[[ Data in this exercise open ]]
definition cond_entropy :: "'a pmf \<Rightarrow> ('a \<Rightarrow> 'b) \<Rightarrow> ('a \<Rightarrow> 'c) \<Rightarrow> real" where
  "cond_entropy P B U = (\<Sum>\<sigma>\<in>set_pmf P. pmf P \<sigma> *
     log 2 (measure_pmf.prob P {\<tau>. U \<tau> = U \<sigma>} / measure_pmf.prob P {\<tau>. U \<tau> = U \<sigma> \<and> B \<tau> = B \<sigma>}))"

lemma cond_entropy_cong:
  assumes "\<And>\<sigma> \<tau>. \<sigma> \<in> set_pmf P \<Longrightarrow> \<tau> \<in> set_pmf P \<Longrightarrow> U' \<tau> = U' \<sigma> \<longleftrightarrow> U \<tau> = U \<sigma>"
  shows "cond_entropy P B U' = cond_entropy P B U"
  unfolding cond_entropy_def
proof (intro sum.cong refl)
  fix \<sigma> assume "\<sigma> \<in> set_pmf P"
  then have "measure_pmf.prob P {\<tau>. U' \<tau> = U' \<sigma>} = measure_pmf.prob P {\<tau>. U \<tau> = U \<sigma>}"
    and "measure_pmf.prob P {\<tau>. U' \<tau> = U' \<sigma> \<and> B \<tau> = B \<sigma>}
      = measure_pmf.prob P {\<tau>. U \<tau> = U \<sigma> \<and> B \<tau> = B \<sigma>}"
    using assms by (auto intro!: measure_pmf_cong_support)
  then show "pmf P \<sigma> * log 2 (measure_pmf.prob P {\<tau>. U' \<tau> = U' \<sigma>}
      / measure_pmf.prob P {\<tau>. U' \<tau> = U' \<sigma> \<and> B \<tau> = B \<sigma>})
    = pmf P \<sigma> * log 2 (measure_pmf.prob P {\<tau>. U \<tau> = U \<sigma>}
      / measure_pmf.prob P {\<tau>. U \<tau> = U \<sigma> \<and> B \<tau> = B \<sigma>})"
    by simp
qed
[[ Data in this exercise closed ]]
Exercise: Retype the records in their entirety, matching each one exactly.

Response to the task:
definition cond_entropy :: "'a pmf \<Rightarrow> ('a \<Rightarrow> 'b) \<Rightarrow> ('a \<Rightarrow> 'c) \<Rightarrow> real" where
  "cond_entropy P B U = (\<Sum>\<sigma>\<in>set_pmf P. pmf P \<sigma> *
     log 2 (measure_pmf.prob P {\<tau>. U \<tau> = U \<sigma>} / measure_pmf.prob P {\<tau>. U \<tau> = U \<sigma> \<and> B \<tau> = B \<sigma>}))"

lemma cond_entropy_cong:
  assumes "\<And>\<sigma> \<tau>. \<sigma> \<in> set_pmf P \<Longrightarrow> \<tau> \<in> set_pmf P \<Longrightarrow> U' \<tau> = U' \<sigma> \<longleftrightarrow> U \<tau> = U \<sigma>"
  shows "cond_entropy P B U' = cond_entropy P B U"
  unfolding cond_entropy_def
proof (intro sum.cong refl)
  fix \<sigma> assume "\<sigma> \<in> set_pmf P"
  then have "measure_pmf.prob P {\<tau>. U' \<tau> = U' \<sigma>} = measure_pmf.prob P {\<tau>. U \<tau> = U \<sigma>}"
    and "measure_pmf.prob P {\<tau>. U' \<tau> = U' \<sigma> \<and> B \<tau> = B \<sigma>}
      = measure_pmf.prob P {\<tau>. U \<tau> = U \<sigma> \<and> B \<tau> = B \<sigma>}"
    using assms by (auto intro!: measure_pmf_cong_support)
  then show "pmf P \<sigma> * log 2 (measure_pmf.prob P {\<tau>. U' \<tau> = U' \<sigma>}
      / measure_pmf.prob P {\<tau>. U' \<tau> = U' \<sigma> \<and> B \<tau> = B \<sigma>})
    = pmf P \<sigma> * log 2 (measure_pmf.prob P {\<tau>. U \<tau> = U \<sigma>}
      / measure_pmf.prob P {\<tau>. U \<tau> = U \<sigma> \<and> B \<tau> = B \<sigma>})"
    by simp
qed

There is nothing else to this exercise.